A natural response to comparing these statistics might be shock at the Youngwilders inefficiency. And a sneaking thought that we need more Chris and less Youngwilders. But the mindset I hope to instil is not that Youngwilders are unforgivably inefficient, but that Chris’ 1500 trees in a single day, whilst being excellent, is also a massive wasted opportunity. 

Narrow nature recovery is the kind of nature recovery work that can occur in a profit-driven environment. It is contained to a small group of contractors; fast, clinical, metric driven and efficiency focused. Value-plural nature recovery is the kind of nature recovery work where profit is not the central or sole priority, it is often done by large groups of well-meaning amateurs, it is messy, community-oriented, mental well-being boosting and can afford to take a more holistic ecological approach that might better appreciate nature’s dynamism. 

Both leanings have advantages and disadvantages and inevitably we will need work across this spectrum to get to where we need to in the time we have. But I believe that everyone working in our sector needs to rise to the organisational challenge of making sure as much of the work as possible is happening at the value-plural end of the spectrum. This is because of the self-evidently positive features already touched on, but also because it presents a thrilling opportunity to connect vast swathes of the public to the natural world.

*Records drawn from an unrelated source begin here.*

(* Let $G$ be a connected bipartite graph with bipartition $V(G)=X \cup Y$, $|X|=s$ and $|Y|=t$, let $m$ be the number of edges and $\beta$ the matching number of $G$. If $0\leq \alpha \leq 1$, then $$S_k(A_{\alpha}(G))\geq \frac{\alpha m}{2}\left(\frac{1}{s}+\frac{1}{t}\right)+\frac{(1-\alpha)m}{\sqrt{st}}+(k-1)\left(\alpha -\frac{2(1-\alpha)\sqrt{st}}{s+t}\right)$$ for $1\leq k \leq \beta+1$.
   Context: All graphs are simple and undirected. $A_{\alpha}(G)=\alpha D(G)+(1-\alpha)A(G)$, where $A(G)$ is the adjacency matrix and $D(G)$ the diagonal degree matrix. For a real symmetric matrix $M$ with eigenvalues $\lambda_1(M)\geq\cdots\geq\lambda_n(M)$, $S_k(M)=\sum_{i=1}^k\lambda_i(M)$. The matching number is the maximum size of a matching. *)

theory Defs
  imports "Jordan_Normal_Form.Char_Poly" "HOL-Library.Multiset"
begin

definition simple_graph :: "nat \<Rightarrow> nat set set \<Rightarrow> bool" where
  "simple_graph n E \<longleftrightarrow> (\<forall>e\<in>E. \<exists>u v. e = {u, v} \<and> u \<noteq> v \<and> u < n \<and> v < n)"

definition adj :: "nat set set \<Rightarrow> nat \<Rightarrow> nat \<Rightarrow> bool" where
  "adj E u v \<longleftrightarrow> {u, v} \<in> E"

definition degree :: "nat set set \<Rightarrow> nat \<Rightarrow> nat" where
  "degree E v = card {e\<in>E. v \<in> e}"

definition connected_graph :: "nat \<Rightarrow> nat set set \<Rightarrow> bool" where
  "connected_graph n E \<longleftrightarrow> n \<ge> 1 \<and> (\<forall>u<n. \<forall>v<n. (adj E)\<^sup>*\<^sup>* u v)"

definition bipartition :: "nat \<Rightarrow> nat set set \<Rightarrow> nat set \<Rightarrow> nat set \<Rightarrow> bool" where
  "bipartition n E X Y \<longleftrightarrow> X \<union> Y = {0..<n} \<and> X \<inter> Y = {} \<and>
     (\<forall>e\<in>E. card (e \<inter> X) = 1 \<and> card (e \<inter> Y) = 1)"

definition is_matching :: "nat set set \<Rightarrow> nat set set \<Rightarrow> bool" where
  "is_matching E M \<longleftrightarrow> M \<subseteq> E \<and> (\<forall>e\<in>M. \<forall>f\<in>M. e \<noteq> f \<longrightarrow> e \<inter> f = {})"

definition matching_number :: "nat set set \<Rightarrow> nat" where
  "matching_number E = Max (card ` {M. is_matching E M})"

definition adj_matrix :: "nat \<Rightarrow> nat set set \<Rightarrow> real mat" where
  "adj_matrix n E = mat n n (\<lambda>(i, j). if {i, j} \<in> E then 1 else 0)"

definition deg_matrix :: "nat \<Rightarrow> nat set set \<Rightarrow> real mat" where
  "deg_matrix n E = mat n n (\<lambda>(i, j). if i = j then real (degree E i) else 0)"

definition A_alpha :: "real \<Rightarrow> nat \<Rightarrow> nat set set \<Rightarrow> real mat" where
  "A_alpha \<alpha> n E = \<alpha> \<cdot>\<^sub>m deg_matrix n E + (1 - \<alpha>) \<cdot>\<^sub>m adj_matrix n E"

text \<open>Eigenvalues (with multiplicity) of a real symmetric matrix, in non-increasing
  order: the roots of the characteristic polynomial (which splits over the reals).\<close>

definition eigenvalues_desc :: "real mat \<Rightarrow> real list" where
  "eigenvalues_desc M = rev (sorted_list_of_multiset (proots (char_poly M)))"

definition S_k :: "nat \<Rightarrow> real mat \<Rightarrow> real" where
  "S_k k M = sum_list (take k (eigenvalues_desc M))"

end

(*
  Ky Fan's principle: for a real symmetric matrix M and orthonormal vectors x_1, ..., x_k,
  the sum of the k largest eigenvalues of M is at least the sum of the x_i^T M x_i.  Expanding
  the x_i in an orthonormal eigenbasis turns the right-hand side into a combination of the
  eigenvalues with weights in [0, 1] summing to k (Bessel's inequality).  The eigenbasis is
  built one vector at a time: if K projects onto the span of the eigenvectors found so far,
  then M commutes with K, and comparing traces shows that one of the symmetric matrices
  M - M K + c K (c = 0, 1) has an eigenvalue different from c, whose eigenvectors are
  eigenvectors of M orthogonal to the previous ones.

  For the bound, apply Ky Fan to A_alpha(G) and the following k orthonormal test vectors: the
  vector with entries 1/sqrt(2s) on X and 1/sqrt(2t) on Y, whose quadratic form is
  m (alpha (1/(2s) + 1/(2t)) + (1 - alpha)/sqrt(st)), and, for each edge uw of a matching of
  size k - 1 (u in X), the vector sqrt(s/(s+t)) e_u - sqrt(t/(s+t)) e_w.  The quadratic form of
  the latter is at least alpha - 2 (1 - alpha) sqrt(st)/(s+t), since only its own edge
  contributes a negative term.
*)
theory Submission
  imports Defs "Jordan_Normal_Form.Schur_Decomposition" "HOL-Combinatorics.Permutations"
begin

section \<open>Real symmetric matrices\<close>

lemma hermitian_form_real:
  fixes N :: "real mat" and v :: "complex vec"
  assumes N: "N \<in> carrier_mat n n" and sym: "transpose_mat N = N"
  shows "cnj (\<Sum>i<n. cnj (v$i) * (\<Sum>j<n. of_real (N$$(i,j)) * v$j))
       = (\<Sum>i<n. cnj (v$i) * (\<Sum>j<n. of_real (N$$(i,j)) * v$j))"
proof -
  have Nij: "N$$(j,i) = N$$(i,j)" if "i < n" "j < n" for i j
    using arg_cong[OF sym, of "\<lambda>A. A$$(i,j)"] that N by simp
  have "cnj (\<Sum>i<n. cnj (v$i) * (\<Sum>j<n. of_real (N$$(i,j)) * v$j))
      = (\<Sum>i<n. \<Sum>j<n. v$i * of_real (N$$(i,j)) * cnj (v$j))"
    by (simp add: sum_distrib_left algebra_simps)
  also have "\<dots> = (\<Sum>j<n. \<Sum>i<n. v$i * of_real (N$$(i,j)) * cnj (v$j))"
    by (rule sum.swap)
  also have "\<dots> = (\<Sum>i<n. cnj (v$i) * (\<Sum>j<n. of_real (N$$(i,j)) * v$j))"
    by (auto simp: sum_distrib_left algebra_simps Nij intro!: sum.cong)
  finally show ?thesis .
qed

I ascribe to the view that a lack of societal nature-connectedness is one of the core drivers of our environmental ills and that any environmental work that ignores this fact is critically short-sighted. The engagement, custodianship and compassion through action that mass public and youth involvement in the nature recovery process would facilitate would be an indispensable tool both in getting the work itself done appropriately, and in the essential, larger mission of reconnecting to our natural world. 

What this next decade of nature recovery presents, aside from an exhilarating explosion of life, is the largest nature engagement opportunity this country has ever seen. And, to shamelessly reinsert Youngwilders into the fray, we need more organisations like us taking this opportunity seriously and making sure young people are at the centre of it.